Turns out that the interviewee did not trust his own command over english enough to answer back.

Once i learned that, i just handed him a free PC, told him to try writing whatever program he wanted in the next few hours and did not set any time limits.

When i came back after lunch, i saw that he had written a complete game ( This was in the DOS days where writing a game was really difficult since there were no high-level game engines around )

The guy eventually turned out to be one of my best programmer.

Are you really programming in C? If so, good for you and your organization. If not, i suggest not wasting time becoming a career counselor and try finding a faster way to eliminate idiots.

I don't buy the crap that they have not been taught in collage. In the age of the internet, there are so many damn resources on every language possible on the internet that a person claiming that they know how to code in c should have a much, much higher bar set.

That was presumptuous on your part. First I shall talk about C. 2 reasons. 1.Any engineering graduate in India should know C. It is the first language they learn and use in curriculum. 2. We work in embedded and kernel domain. Welcome to a world where C is important.

Also it is not about deep understanding of pointers and stuff like that. The sad part is that most of them can't even write it in pseudo code.

As for the question of you not buying it, I can't convince you except that there are other commenters in this thread who have pointed out the same problem. This problem does exist.

>>Any engineering graduate in India should know C.

A big assumption.

When I finished my engineering, I was pretty good with assembly language programming.
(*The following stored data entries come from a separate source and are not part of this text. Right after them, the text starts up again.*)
text \<open>The commutant of \<open>Q\<close> is the field \<open>F[Q]\<close>, on which \<open>det\<close> is an anisotropic norm form;
  \<open>Z' - Z\<close> is trace-orthogonal to \<open>F[Q] \<ni> Z\<close>, so \<open>det Z' = det Z + det (Z' - Z)\<close>.\<close>

lemma eq_if_commuting_no_eigvec:
  fixes Q Z Z' :: "'a::field mat2"
  assumes Q: "\<not> (\<exists>x. eigvec Q x)" and comm: "Q ** Z = Z ** Q" "Q ** Z' = Z' ** Q"
    and h: "trace Z' = trace Z" "trace (Q ** Z') = trace (Q ** Z)" "det Z' = det Z"
  shows "Z' = Z"
proof -
  define N where "N = Z' - Z"
  have "Q$2$1 \<noteq> 0"
  proof
    assume "Q$2$1 = 0"
    then have "eigvec Q (vector [1, 0])" by (auto simp: eigvec_def vec2_eq_iff)
    then show False using Q by blast
  qed
  then obtain a b where Z: "Z = mat a + mat b ** Q" using commutant_mat2 comm(1) by blast
  have "trace N = 0" "trace (Q ** N) = 0" using h by (simp_all add: N_def trace_sub matrix_diff_ldistrib)
  moreover have "trace (Z ** N) = a * trace N + b * trace (Q ** N)" by (simp add: Z mat2_simps algebra_simps)
  ultimately have "det Z' = det Z + det N" using det_add_mat2[of Z N] by (simp add: N_def)
  then have "det N = 0" using h(3) by simp
  moreover have "Q ** N = N ** Q" using comm by (simp add: N_def matrix_diff_ldistrib matrix_diff_rdistrib)
  ultimately have "N = 0" by (rule eq_0_if_singular_commuting[OF Q, rotated])
  then show ?thesis by (simp add: N_def)
qed

lemma sim_conj3_if_commuting_no_eigvec:
  fixes A B C A' B' C' :: "'a::field mat2"
  assumes td: "trace_data A B C = trace_data A' B' C'" and A: "\<not> (\<exists>x. eigvec A x)"
    and comm: "A ** B = B ** A" "A ** C = C ** A" "A' ** B' = B' ** A'" "A' ** C' = C' ** A'"
  shows "sim_conj3 A B C A' B' C'"
proof -
  have A': "\<not> (\<exists>x. eigvec A' x)" using A td by (simp add: has_eigvec_iff_root trace_data_def)
  define e where "e = (vector [1, 0] :: 'a^2)"
  have "e \<noteq> 0" by (simp add: e_def vec2_eq_iff)
  then have "det (mat_of_cols e (A *v e)) \<noteq> 0" "det (mat_of_cols e (A' *v e)) \<noteq> 0"
    using A A' eigvec_iff_det_cyclic by blast+
  moreover have "trace A' = trace A" "det A' = det A" using td by (simp_all add: trace_data_def)
  ultimately obtain g g' where g: "invertible g" "invertible g'"
    and QA: "mat_conj g A = companion (trace A) (det A)" "mat_conj g' A' = companion (trace A) (det A)"
    using mat_conj_cyclic_basis by metis
  define Q where "Q = companion (trace A) (det A)"
  have Q: "\<not> (\<exists>x. eigvec Q x)"
    using A trace_mat_conj[OF g(1), of A] det_mat_conj[OF g(1), of A] QA(1)
    by (simp add: has_eigvec_iff_root Q_def)
  have "mat_conj g' Y' = mat_conj g Y"
    if "A ** Y = Y ** A" "A' ** Y' = Y' ** A'" "trace Y' = trace Y" "det Y' = det Y"
      "trace (A' ** Y') = trace (A ** Y)" for Y Y'
  proof (rule eq_if_commuting_no_eigvec[OF Q])
    show "Q ** mat_conj g Y = mat_conj g Y ** Q"
      using that(1) QA(1) mat_conj_mult[OF g(1), of A Y] mat_conj_mult[OF g(1), of Y A] by (simp add: Q_def)
    show "Q ** mat_conj g' Y' = mat_conj g' Y' ** Q"
      using that(2) QA(2) mat_conj_mult[OF g(2), of A' Y'] mat_conj_mult[OF g(2), of Y' A']
      by (simp add: Q_def)
    show "trace (mat_conj g' Y') = trace (mat_conj g Y)" "det (mat_conj g' Y') = det (mat_conj g Y)"
      using that(3,4) by (simp_all add: trace_mat_conj det_mat_conj g)
    show "trace (Q ** mat_conj g' Y') = trace (Q ** mat_conj g Y)"
      using that(5) QA trace_mat_conj_mult(1)[OF g(1), of A Y] trace_mat_conj_mult(1)[OF g(2), of A' Y']
      by (simp add: Q_def)
  qed
  then show ?thesis unfolding sim_conj3_def using g QA td comm
    by (intro exI[of _ g] exI[of _ g']) (simp add: trace_data_def)
qed

lemma sim_conj3_if_no_common_eigvec:
  fixes A B C A' B' C' :: "'a::field mat2"
  assumes td: "trace_data A B C = trace_data A' B' C'" and s: "singular_commutators A B C"
    and "\<not> common_eigvec A B C" "\<not> common_eigvec A' B' C'"
  shows "sim_conj3 A B C A' B' C'"
proof -
  have "singular_commutators A' B' C'" using s singular_commutators_trace_data[OF td] by simp
  note c = commuting_if_no_common_eigvec[OF s assms(3)]
    and c' = commuting_if_no_common_eigvec[OF this assms(4)]
  consider "\<not> (\<exists>x. eigvec A x)" | "\<not> (\<exists>x. eigvec B x)" | "\<not> (\<exists>x. eigvec C x)"
    using no_eigvec_member_if_no_common_eigvec[OF s assms(3)] by blast
  then show ?thesis
  proof cases
    case 1
    then show ?thesis using sim_conj3_if_commuting_no_eigvec[OF td] c c' by blast
  next
    case 2
    have "sim_conj3 B A C B' A' C'"
      using sim_conj3_if_commuting_no_eigvec[OF trace_data_swap12[OF td] 2 c(1)[symmetric] c(3)
          c'(1)[symmetric] c'(3)] .
    then show ?thesis by (rule sim_conj3_swap12)
  next
    case 3
    have "sim_conj3 C A B C' A' B'"
      using sim_conj3_if_commuting_no_eigvec[OF trace_data_swap12[OF trace_data_swap23[OF td]] 3
          c(2)[symmetric] c(3)[symmetric] c'(2)[symmetric] c'(3)[symmetric]] .
    then show ?thesis using sim_conj3_swap12 sim_conj3_swap23 by blast
  qed
qed

lemma common_eigvec_trace_data:
  fixes A B C A' B' C' :: "'a::field mat2"
  assumes td: "trace_data A B C = trace_data A' B' C'" and s: "singular_commutators A B C"
    and "common_eigvec A B C"
  shows "common_eigvec A' B' C'"
proof (rule ccontr)
  assume "\<not> common_eigvec A' B' C'"
  then have "\<not> (\<exists>x. eigvec A' x) \<or> \<not> (\<exists>x. eigvec B' x) \<or> \<not> (\<exists>x. eigvec C' x)"
    using no_eigvec_member_if_no_common_eigvec s singular_commutators_trace_data[OF td] by blast
  moreover have "\<exists>x. eigvec A x" "\<exists>x. eigvec B x" "\<exists>x. eigvec C x"
    using assms(3) by (auto simp: common_eigvec_def)
  ultimately show False using td by (auto simp: has_eigvec_iff_root trace_data_def)
qed

lemma less_3_cases: "k < 3 \<Longrightarrow> k = 0 \<or> k = 1 \<or> k = (2::nat)"
  by auto

definition diag2 :: "'a::zero \<Rightarrow> 'a \<Rightarrow> 'a mat2" where
  "diag2 a d = mat2_of a 0 0 d"

lemma invertible_mat_1: "invertible (mat 1 :: 'a::field^'n^'n)"
  unfolding invertible_def by (intro exI[of _ "mat 1"]) simp

lemma mat_conj_mat_1: "mat_conj (mat 1) X = X"
  by (simp add: mat_conj_eqI invertible_mat_1)

lemma sim_conj3_refl: "sim_conj3 A B C A B C"
  unfolding sim_conj3_def using invertible_mat_1 by blast

lemma sum_prod_eq_cases:
  fixes a d a' d' :: "'a::idom"
  assumes "a' + d' = a + d" "a' * d' = a * d"
  shows "(a' = a \<and> d' = d) \<or> (a' = d \<and> d' = a)"
proof -
  have d': "d' = a + d - a'" using assms(1) by (simp add: algebra_simps)
  have "(a' - a) * (a' - d) = 0" using assms(2) unfolding d' by (simp add: algebra_simps)
  then show ?thesis using d' by auto
qed

lemma diagonals_same_or_swapped:
  fixes a d a' d' :: "'i \<Rightarrow> 'a::idom"
  assumes "\<And>k. k \<in> I \<Longrightarrow> a' k + d' k = a k + d k \<and> a' k * d' k = a k * d k"
    and "\<And>i j. i \<in> I \<Longrightarrow> j \<in> I \<Longrightarrow> i \<noteq> j \<Longrightarrow> a' i * a' j + d' i * d' j = a i * a j + d i * d j"
  shows "(\<forall>k\<in>I. a' k = a k \<and> d' k = d k) \<or> (\<forall>k\<in>I. a' k = d k \<and> d' k = a k)"
proof (rule ccontr)
  have same_or_swapped: "(a' k = a k \<and> d' k = d k) \<or> (a' k = d k \<and> d' k = a k)" if "k \<in> I" for k
    using sum_prod_eq_cases assms(1)[OF that] by blast
  assume "\<not> ?thesis"
  then obtain i j where i: "i \<in> I" "\<not> (a' i = a i \<and> d' i = d i)"
    and j: "j \<in> I" "\<not> (a' j = d j \<and> d' j = a j)" by blast
  have si: "a' i = d i" "d' i = a i" "a i \<noteq> d i" using same_or_swapped[OF i(1)] i(2) by auto
  moreover have sj: "a' j = a j" "d' j = d j" "a j \<noteq> d j" using same_or_swapped[OF j(1)] j(2) by auto
  moreover have "i \<noteq> j" using si sj by auto
  ultimately have "d i * a j + a i * d j = a i * a j + d i * d j" using assms(2)[OF i(1) j(1)] by simp
  then have "(a i - d i) * (a j - d j) = 0" by (simp add: algebra_simps)
  then show False using si sj by simp
qed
I could do anything with 8085 and 8086.

It took a good deal of time to learn ALP, and I'm glad I did it before learning C as I got all necessary low level details correct and complete.

But I agree your point on pseudo code.

Wow. Dude, you really need to learn how to parse english.

1) When i said, "i don't buy that..." i was referring to people blaming the collage or university for their own lack of knowledge.

In today's world where the internet is available to everyone with a net connection, i would expect people to use some initiative, go online, search for C sources or tutorials, download free compilers and linkers, learn them thoroughly etc. ie The real blame for their lack of knowledge is with them not with their collages.

2) Why would you claim, on the one hand, that the blame for kids is with their collages and poor teaching, and then claim that i expect everyone to know c cause that's the first thing they learn in engineering?

And, lastly, don't get huffy with me, dude. If you make generalizations like "Any engineering grad in India should know C" good for you. I don't care. I really don't give a damn.

You have serious anger issues all over the thread. Calm down a bit.
Really.

I guess you are entitled to your own imagination.

Your aggression and quips do nothing but reveal your insecurity and obviously degrade a rather sensible thread into a showdown of your ego. Kindly refrain.